It is noteworthy that this study aims at investigating relationships among different distress types, meaning all association rules among the 12 distress types are required. For this reason, both the support and confidence thresholds were taken as zero to mine strong association rules.

5.3. Miners of Association Rules

In many association rules miners, the most widely used is the a priori algorithm, first introduced by Agrawal et al. [28]. The a priori algorithm performs in two steps. First, it scans the database and discovers all item sets with an occurrence not less than the support threshold. Second, according to the discovered item sets, a set of strong association rules are mined. The details on the a priori algorithm can be found in Reference [27, 28]. Additionally, the a priori algorithm was executed by Waikato Environment for Knowledge Analysis (WEKA), an open-source tool, universally applied in business, education, and research [29].

6. Analysis of Relationships Based on Association Rules

6.1. Relationships among IDDTs

Regarding the four IDDTs, association rules exist among the IDDTs. The supports are presented in Figure 6(a), where TC ↔ RU represents the association rules TC ⟶ RU and RU ⟶ TC, so do others.

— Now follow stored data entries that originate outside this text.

fun atoms :: "formula \<Rightarrow> atom set" where
  "atoms (FAtom \<alpha>) = {\<alpha>}"
| "atoms (FNeg p) = atoms p"
| "atoms (FAnd p q) = atoms p \<union> atoms q"

inductive_set Llit :: "formula \<Rightarrow> formula set" for \<phi> :: formula where
  Llit_atom: "\<alpha> \<in> atoms \<phi> \<Longrightarrow> FAtom \<alpha> \<in> Llit \<phi>"
| Llit_neg: "p \<in> Llit \<phi> \<Longrightarrow> FNeg p \<in> Llit \<phi>"
| Llit_and: "p \<in> Llit \<phi> \<Longrightarrow> q \<in> Llit \<phi> \<Longrightarrow> FAnd p q \<in> Llit \<phi>"

definition equiv_phi :: "formula \<Rightarrow> interp \<Rightarrow> interp \<Rightarrow> bool" where
  "equiv_phi \<phi> M M' \<longleftrightarrow> (\<forall>\<psi> \<in> Llit \<phi>. sat M \<psi> \<longleftrightarrow> sat M' \<psi>)"

definition eqclass :: "formula \<Rightarrow> interp \<Rightarrow> interp set" where
  "eqclass \<phi> M = {M' \<in> Interps. equiv_phi \<phi> M' M}"

end

theory Submission
  imports Defs
begin

(* The literals of Sub phi that hold in M pin M down exactly up to the equivalence of
   agreeing on the atoms of phi, so Mod (E phi M) = Mod phi \<union> [M]_phi.  This set satisfies
   success, persistence and atomic extensionality, and, being the model set of a single
   formula, it is finitely representable.  Conversely, success and atomic extensionality
   force [M]_phi \<subseteq> Mod (E' phi M), persistence adds Mod phi, and atomic temperance then
   forbids any proper gap, since that gap would be bounded below by the representable set
   Mod phi \<union> [M]_phi. *)

lemma sat_cong_atoms:
  "(\<And>\<alpha>. \<alpha> \<in> atoms p \<Longrightarrow> sat_atom I \<alpha> = sat_atom J \<alpha>) \<Longrightarrow> sat I p = sat J p"
  by (induction p) auto

lemma atoms_Llit: "p \<in> Llit \<phi> \<Longrightarrow> atoms p \<subseteq> atoms \<phi>"
  by (induction rule: Llit.induct) auto

lemma equiv_phi_iff_atoms:
  "equiv_phi \<phi> I J \<longleftrightarrow> (\<forall>\<alpha>\<in>atoms \<phi>. sat_atom I \<alpha> = sat_atom J \<alpha>)"
  unfolding equiv_phi_def
  by (metis Llit_atom atoms_Llit sat.simps(1) sat_cong_atoms subsetD)

lemma self_in_eqclass: "M \<in> Interps \<Longrightarrow> M \<in> eqclass \<phi> M"
  unfolding eqclass_def equiv_phi_def by simp

lemma eqclass_eq: "equiv_phi \<phi> M' M \<Longrightarrow> eqclass \<phi> M' = eqclass \<phi> M"
  unfolding eqclass_def equiv_phi_def by auto

lemma sat_conj_list: "sat I (conj_list ps) \<longleftrightarrow> (\<forall>p\<in>set ps. sat I p)"
  by (induction ps rule: conj_list.induct) (auto simp: ftrue_def)

lemma sat_BigAnd: "finite S \<Longrightarrow> sat I (BigAnd S) \<longleftrightarrow> (\<forall>p\<in>S. sat I p)"
  unfolding BigAnd_def
  by (metis (mono_tags) finite_list sat_conj_list someI_ex)

lemma finite_Sub: "finite (Sub p)"
  by (induction p) auto

lemma literal_in_Sub_iff:
  "\<psi> \<in> Sub \<phi> \<and> is_literal \<psi> \<longleftrightarrow> (\<exists>\<alpha>\<in>atoms \<phi>. \<psi> = FAtom \<alpha> \<or> \<psi> = FNeg (FAtom \<alpha>))"
proof -
  have "FAtom \<alpha> \<in> Sub \<phi> \<longleftrightarrow> \<alpha> \<in> atoms \<phi>" "FNeg (FAtom \<alpha>) \<in> Sub \<phi> \<longleftrightarrow> \<alpha> \<in> atoms \<phi>" for \<alpha>
    by (induction \<phi>) auto
  then show ?thesis
    by (cases \<psi> rule: is_literal.cases) auto
qed

lemma lit_qm_FNeg: "lit (snd (snd (qm (FNeg \<phi>) M))) = {\<psi> \<in> Sub \<phi>. is_literal \<psi> \<and> sat M \<psi>}"
  unfolding lit_def qm_def by auto

lemma sat_BigAnd_lit_qm_iff_equiv_phi:
  "sat I (BigAnd (lit (snd (snd (qm (FNeg \<phi>) M))))) \<longleftrightarrow> equiv_phi \<phi> I M"
proof -
  have "finite {\<psi> \<in> Sub \<phi>. is_literal \<psi> \<and> sat M \<psi>}"
    using finite_Sub by simp
  then have "sat I (BigAnd (lit (snd (snd (qm (FNeg \<phi>) M)))))
      \<longleftrightarrow> (\<forall>\<psi>. \<psi> \<in> Sub \<phi> \<and> is_literal \<psi> \<longrightarrow> sat M \<psi> \<longrightarrow> sat I \<psi>)"
    by (auto simp: lit_qm_FNeg sat_BigAnd)
  also have "\<dots> \<longleftrightarrow> (\<forall>\<alpha>\<in>atoms \<phi>. sat_atom I \<alpha> = sat_atom M \<alpha>)"
    unfolding literal_in_Sub_iff by auto
  finally show ?thesis
    by (simp add: equiv_phi_iff_atoms)
qed

lemma Mod_E: "Mod (E \<phi> M) = Mod \<phi> \<union> eqclass \<phi> M"
proof (cases "sat M \<phi>")
  case True
  have "sat I \<phi>" if "equiv_phi \<phi> I M" for I
    using True sat_cong_atoms[of \<phi> I M] that by (simp add: equiv_phi_iff_atoms)
  then have "eqclass \<phi> M \<subseteq> Mod \<phi>"
    by (auto simp: eqclass_def Mod_def)
  with True show ?thesis
    by (auto simp: E_def)
next
  case False
  then show ?thesis
    by (auto simp: E_def FOr_def Mod_def eqclass_def sat_BigAnd_lit_qm_iff_equiv_phi)
qed

lemma finrep_Mod: "finrep (Mod p)"
  unfolding finrep_def ModS_def Mod_def by (intro exI[of _ "{p}"]) auto

lemma postulates_if_Mod_eq:
  assumes M: "M \<in> Interps"
    and Mod_F: "\<And>N. N \<in> Interps \<Longrightarrow> Mod (F N) = Mod \<phi> \<union> eqclass \<phi> N"
  shows "M \<in> Mod (F M)"
    and "Mod \<phi> \<subseteq> Mod (F M)"
    and "\<forall>MM. Mod \<phi> \<union> eqclass \<phi> M \<subseteq> MM \<and> MM \<subset> Mod (F M) \<union> {M} \<longrightarrow> \<not> finrep MM"
    and "\<forall>M' \<in> Interps. equiv_phi \<phi> M' M \<longrightarrow> Mod (F M) = Mod (F M')"
  using self_in_eqclass[OF M, of \<phi>] eqclass_eq[of \<phi> _ M] by (auto simp: Mod_F M)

Meanwhile, the confidences are depicted in Figure 6(b).

From Figure 6(a), all supports are bigger than 20% and the average value is 25.06%, meaning the average probability of two IDDTs occurring together is around 25%, indicating powerful relationships among the IDDTs. Because of the powerful relationships among the IDDTs, the IDDTs could not only occur independently but also induce each other to emerge, which can be demonstrated by the confidences in Figure 6(b). This figure shows that the confidences of all association rules change little with an average of 52.47%, meaning the average probability is over 50% that one IDDT induces another to occur.

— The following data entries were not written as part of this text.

(* Let $N$ be a positive integer and $K$ a compact Hausdorff space. Then $\ell_\infty^N$ can be U-embedded into $C(K)$ if and only if $K$ contains at least $N$ distinct $G_\delta$-points (points $p$ such that $\{p\}$ is a $G_\delta$-subset of $K$).
   Context: $\ell_\infty^N$ is $\mathbb R^N$ with the max norm; $C(K)$ carries the sup norm. A linear isometry $T\colon X\to Y$ is a U-embedding if every $x^*\in X^*$ has a unique $y^*\in Y^*$ with $T^*(y^* )=x^*$ and $\|y^*\|=\|x^*\|$. *)

theory Defs
  imports "HOL-Analysis.Analysis"
begin

text \<open>C(K) for a topological space K = topspace X: continuous real functions,
  represented extensionally (zero outside topspace X).\<close>
definition CK :: "'a topology \<Rightarrow> ('a \<Rightarrow> real) set" where
  "CK X = {f. continuous_map X euclideanreal f \<and> (\<forall>x. x \<notin> topspace X \<longrightarrow> f x = 0)}"

text \<open>Sup norm on C(K) (0 if K is empty).\<close>
definition supn :: "'a topology \<Rightarrow> ('a \<Rightarrow> real) \<Rightarrow> real" where
  "supn X f = Sup (insert 0 ((\<lambda>x. \<bar>f x\<bar>) ` topspace X))"

definition CK_dual :: "'a topology \<Rightarrow> (('a \<Rightarrow> real) \<Rightarrow> real) \<Rightarrow> bool" where
  "CK_dual X \<phi> \<longleftrightarrow>
     (\<forall>f\<in>CK X. \<forall>g\<in>CK X. \<phi> (\<lambda>x. f x + g x) = \<phi> f + \<phi> g) \<and>
     (\<forall>c. \<forall>f\<in>CK X. \<phi> (\<lambda>x. c * f x) = c * \<phi> f) \<and>
     (\<exists>B. \<forall>f\<in>CK X. \<bar>\<phi> f\<bar> \<le> B * supn X f)"

definition CK_dual_norm :: "'a topology \<Rightarrow> (('a \<Rightarrow> real) \<Rightarrow> real) \<Rightarrow> real" where
  "CK_dual_norm X \<phi> = Sup {\<bar>\<phi> f\<bar> | f. f \<in> CK X \<and> supn X f \<le> 1}"

definition linf_dual_norm :: "(real^'n \<Rightarrow> real) \<Rightarrow> real" where
  "linf_dual_norm g = Sup {\<bar>g x\<bar> | x. infnorm x \<le> 1}"

definition linf_CK_isometry :: "'a topology \<Rightarrow> (real^'n \<Rightarrow> ('a \<Rightarrow> real)) \<Rightarrow> bool" where
  "linf_CK_isometry X T \<longleftrightarrow>
     (\<forall>x y. T (x + y) = (\<lambda>t. T x t + T y t)) \<and> (\<forall>c x. T (c *\<^sub>R x) = (\<lambda>t. c * T x t)) \<and> (\<forall>x. T x \<in> CK X) \<and> (\<forall>x. supn X (T x) = infnorm x)"

text \<open>U-embedding: every functional on l_infinity^N has a unique norm-preserving
  extension through T^* (uniqueness as elements of C(K)*, i.e. on C(K)).\<close>
definition U_embedding :: "'a topology \<Rightarrow> (real^'n \<Rightarrow> ('a \<Rightarrow> real)) \<Rightarrow> bool" where
  "U_embedding X T \<longleftrightarrow> linf_CK_isometry X T \<and>
     (\<forall>g::real^'n \<Rightarrow> real. linear g \<longrightarrow>
        (\<exists>\<phi>. CK_dual X \<phi> \<and> (\<forall>x. \<phi> (T x) = g x) \<and> CK_dual_norm X \<phi> = linf_dual_norm g \<and>
           (\<forall>\<psi>. CK_dual X \<psi> \<and> (\<forall>x. \<psi> (T x) = g x) \<and> CK_dual_norm X \<psi> = linf_dual_norm g
                 \<longrightarrow> (\<forall>f\<in>CK X. \<psi> f = \<phi> f))))"

definition gdelta_points :: "'a topology \<Rightarrow> 'a set" where
  "gdelta_points X = {p \<in> topspace X. gdelta_in X {p}}"

end

(* If T is a U-embedding, the i-th coordinate functional has norm 1, and wherever |T e_i| reaches its
   maximum 1 all other T e_j vanish, so the signed point evaluation f |-> T e_i(t) f(t) is a
   norm-preserving extension of it. Uniqueness of the extension forces |T e_i| to peak at exactly one
   point p_i; hence {p_i} = {|T e_i| = 1} is a G_delta set, and the p_i are distinct.

   Conversely, distinct G_delta points p_1, ..., p_N carry peak functions h_i (h_i(p_i) = 1 > h_i
   elsewhere) with disjoint supports, and T x = sum_i x_i h_i is an isometry. A norm-preserving
   extension psi of g attains its norm at u = T (sgn g(e_i))_i, and |u| < 1 off the p_i, so u can be
   moved in the direction of any f vanishing at the p_i without leaving the unit ball; this forces
   psi f = 0, hence psi = sum_i g(e_i) delta_(p_i). *)

theory Submission
  imports Defs
begin

lemma gdelta_in_continuous_map_preimage:
  assumes "continuous_map X Y f" "gdelta_in Y S"
  shows "gdelta_in X {x \<in> topspace X. f x \<in> S}"
proof -
  obtain C :: "nat \<Rightarrow> 'b set" where C: "\<And>n. openin Y (C n)" "\<Inter>(range C) = S"
    using assms(2) unfolding gdelta_in_descending by blast
  have "{x \<in> topspace X. f x \<in> S} = (\<Inter>n. {x \<in> topspace X. f x \<in> C n})"
    using C(2) by blast
  moreover have "gdelta_in X (\<Inter>n. {x \<in> topspace X. f x \<in> C n})"
  proof (rule gdelta_in_Inter)
    show "gdelta_in X U" if "U \<in> range (\<lambda>n. {x \<in> topspace X. f x \<in> C n})" for U
      using that openin_continuous_map_preimage[OF assms(1) C(1)] open_imp_gdelta_in by blast
  qed auto
  ultimately show ?thesis
    by simp
qed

Of the 12 association rules, TC ↔ RU possess the largest support over 30%, suggesting more than 30% of asphalt pavements own both transverse cracking and rutting. Transverse cracking is widespread because most freeways in China are semirigid base structures, which can easily bring about drying shrinkage and thermal shrinkage and result in transverse cracking [30]. Meanwhile, rutting is prevalent as a consequence of the increase in traffic volume, tire pressure, and axial load [4].

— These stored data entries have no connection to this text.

lemma smooth_on_compose_real:
  fixes S :: "(real^'n::finite) set"
  assumes S: "open S" and u: "smooth_on S u" and uV: "\<And>x. x \<in> S \<Longrightarrow> u x \<in> V"
    and P: "smooth_real_on V P"
  shows "smooth_on S (\<lambda>x. P (u x))"
proof -
  obtain ds where ds: "ds 0 = P" "\<And>n t. t \<in> V \<Longrightarrow> (ds n has_real_derivative ds (Suc n) t) (at t)"
    using P unfolding smooth_real_on_def by blast
  let ?F = "\<lambda>qs x. \<Sum>(n,g)\<leftarrow>qs. ds n (u x) * g x"
  let ?X = "{?F qs | qs. \<forall>(n,g)\<in>set qs. smooth_on S g}"
  have du: "u differentiable at x" if "x \<in> S" for x
    using smooth_on_imp_differentiable_at[OF u S that, of "[]"] by simp
  have diff_term: "(\<lambda>x. ds n (u x) * g x) differentiable at x"
    and partial_term: "partial_deriv i (\<lambda>x. ds n (u x) * g x) x
        = ds (Suc n) (u x) * (partial_deriv i u x * g x) + ds n (u x) * partial_deriv i g x"
    if "smooth_on S g" "x \<in> S" for n g x i
    using partial_deriv_compose_real_mult[OF ds(2)[OF uV[OF that(2)]] du[OF that(2)]]
      smooth_on_imp_differentiable_at[OF that(1) S that(2), of "[]"] by simp_all
  have "smooth_on S (?F [(0, \<lambda>x. 1)])"
  proof (rule smooth_on_coinduct[OF S, where X="?X"])
    show "?F [(0, \<lambda>x. 1)] \<in> ?X"
      using smooth_on_const[OF S, of 1] by (intro CollectI exI[where x="[(0, \<lambda>x. 1)]"]) auto
    fix h assume "h \<in> ?X"
    then obtain qs where qs: "h = ?F qs" "\<forall>(n,g)\<in>set qs. smooth_on S g" by blast
    have diff_qs: "(\<lambda>x. case p of (n,g) \<Rightarrow> ds n (u x) * g x) differentiable at x"
      if "p \<in> set qs" "x \<in> S" for p x
      using qs(2) diff_term that by fastforce
    show "h differentiable_on S"
      unfolding qs(1)
      by (intro differentiable_at_imp_differentiable_on differentiable_sum_list_at) (blast intro: diff_qs)
    fix i
    let ?qs' = "concat (map (\<lambda>(n,g). [(Suc n, \<lambda>x. partial_deriv i u x * g x), (n, partial_deriv i g)]) qs)"
    have "\<forall>(n,g)\<in>set ?qs'. smooth_on S g"
      using qs(2) by (auto simp: smooth_on_partial_deriv intro!: smooth_on_mult[OF S] smooth_on_partial_deriv[OF u])
    moreover have "partial_deriv i h x = ?F ?qs' x" if x: "x \<in> S" for x
    proof -
      have "partial_deriv i h x = (\<Sum>p\<leftarrow>qs. partial_deriv i (\<lambda>x. case p of (n,g) \<Rightarrow> ds n (u x) * g x) x)"
        unfolding qs(1) using partial_deriv_sum_list[of qs "\<lambda>p x. case p of (n,g) \<Rightarrow> ds n (u x) * g x"] diff_qs x
        by (simp add: case_prod_unfold)
      also have "\<dots> = (\<Sum>(n,g)\<leftarrow>qs. ds (Suc n) (u x) * (partial_deriv i u x * g x) + ds n (u x) * partial_deriv i g x)"
        by (rule arg_cong[where f=sum_list], rule map_cong[OF refl]) (use qs(2) partial_term x in auto)
      also have "\<dots> = ?F ?qs' x"
        by (induction qs) auto
      finally show ?thesis .
    qed
    ultimately show "\<exists>g\<in>?X. \<forall>x\<in>S. partial_deriv i h x = g x"
      by (intro bexI[where x="?F ?qs'"]) blast+
  qed
  then show ?thesis using ds(1) by simp
qed

lemma smooth_real_on_powr: "smooth_real_on {0<..} (\<lambda>t. t powr a)"
  unfolding smooth_real_on_def
proof (intro exI[where x="\<lambda>n t. (\<Prod>k<n. (a - real k)) * t powr (a - real n)"] conjI allI ballI)
  fix n and t :: real assume "t \<in> {0<..}"
  then have "((\<lambda>t. (\<Prod>k<n. (a - real k)) * t powr (a - real n)) has_real_derivative
      (\<Prod>k<n. (a - real k)) * ((a - real n) * t powr (a - real n - 1))) (at t)"
    by (auto intro!: derivative_eq_intros)
  then show "((\<lambda>t. (\<Prod>k<n. (a - real k)) * t powr (a - real n)) has_real_derivative
      (\<Prod>k<Suc n. (a - real k)) * t powr (a - real (Suc n))) (at t)"
    by (simp add: algebra_simps)
qed simp

lemma smooth_on_powr:
  fixes S :: "(real^'n::finite) set"
  assumes "open S" "smooth_on S u" "\<And>x. x \<in> S \<Longrightarrow> u x > 0"
  shows "smooth_on S (\<lambda>x. u x powr a)"
  using smooth_on_compose_real[OF assms(1,2) _ smooth_real_on_powr] assms(3) by simp

lemma smooth_on_inverse:
  fixes S :: "(real^'n::finite) set"
  assumes "open S" "smooth_on S u" "\<And>x. x \<in> S \<Longrightarrow> u x > 0"
  shows "smooth_on S (\<lambda>x. 1 / u x)"
proof (rule smooth_on_cong[OF assms(1) smooth_on_powr[OF assms, of "-1"]])
  show "1 / u x = u x powr - 1" if "x \<in> S" for x
    using assms(3)[OF that] by (simp add: powr_minus_divide)
qed

section \<open>A smooth bump function\<close>

lemma poly_times_exp_neg_tendsto_0: "((\<lambda>s::real. poly p s * exp (- s)) \<longlongrightarrow> 0) at_top"
proof -
  have "((\<lambda>s::real. \<Sum>i\<le>degree p. coeff p i * (s ^ i / exp s)) \<longlongrightarrow> (\<Sum>i\<le>degree p. coeff p i * 0)) at_top"
    by (intro tendsto_sum tendsto_mult tendsto_const tendsto_power_div_exp_0)
  moreover have "poly p s * exp (- s) = (\<Sum>i\<le>degree p. coeff p i * (s ^ i / exp s))" for s :: real
    by (simp add: poly_altdef exp_minus divide_inverse sum_distrib_right mult.assoc)
  ultimately show ?thesis by simp
qed

text \<open>On the positive axis the \<open>n\<close>-th derivative of \<open>exp (- 1 / t)\<close> is
  \<open>poly (bump_poly n) (1 / t) * exp (- 1 / t)\<close>.\<close>

fun bump_poly :: "nat \<Rightarrow> real poly" where
  "bump_poly 0 = 1"
| "bump_poly (Suc n) = [:0,0,1:] * (bump_poly n - pderiv (bump_poly n))"

definition bump_deriv :: "nat \<Rightarrow> real \<Rightarrow> real" where
  "bump_deriv n t = (if t \<le> 0 then 0 else poly (bump_poly n) (1/t) * exp (- (1/t)))"

definition bump :: "real \<Rightarrow> real" where
  "bump t = (if t \<le> 0 then 0 else exp (- (1/t)))"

Actually, transverse cracking is not a serious damage for asphalt pavements since it just decreases the pavement smoothness. However, it usually leads to other distress types that are serious for pavements, such as map cracking and potholes. Typically, transverse cracking breaks the integrity of the surface course, so that moisture can penetrate into the surface and accumulate between the lower surface course and the semirigid base course, whose voids are almost zero. When traffic loadings pass through the transverse cracking, the moisture can generate hydrodynamic pressure. The hydrodynamic pressure can also decrease the bonds between the base course and the lower surface course, so that the lower surface course has to bear large tensile stress. When the tensile stress is bigger than the tensile strength, fatigue damage will occur in the lower surface course and spread into the map cracking in the upper surface course with the repeated action of numerous and great traffic loadings. Given this, the support of TC ↔ MC is high, reaching approximately 20%. Meanwhile, the hydrodynamic pressure can diminish the adhesion bonds at the aggregate-mastic interface and peel asphalt films from aggregates [31], contributing to the occurrence of potholes at the transverse cracking. As a result, the support of TC ↔ PO is very large, greater than 30%. In the same way, the moisture, existing in map cracking, will also produce the hydrodynamic pressure with the effect of traffic loadings and give rise to the pothole. Hence, the support of MC ↔ PO is also big, around 20%.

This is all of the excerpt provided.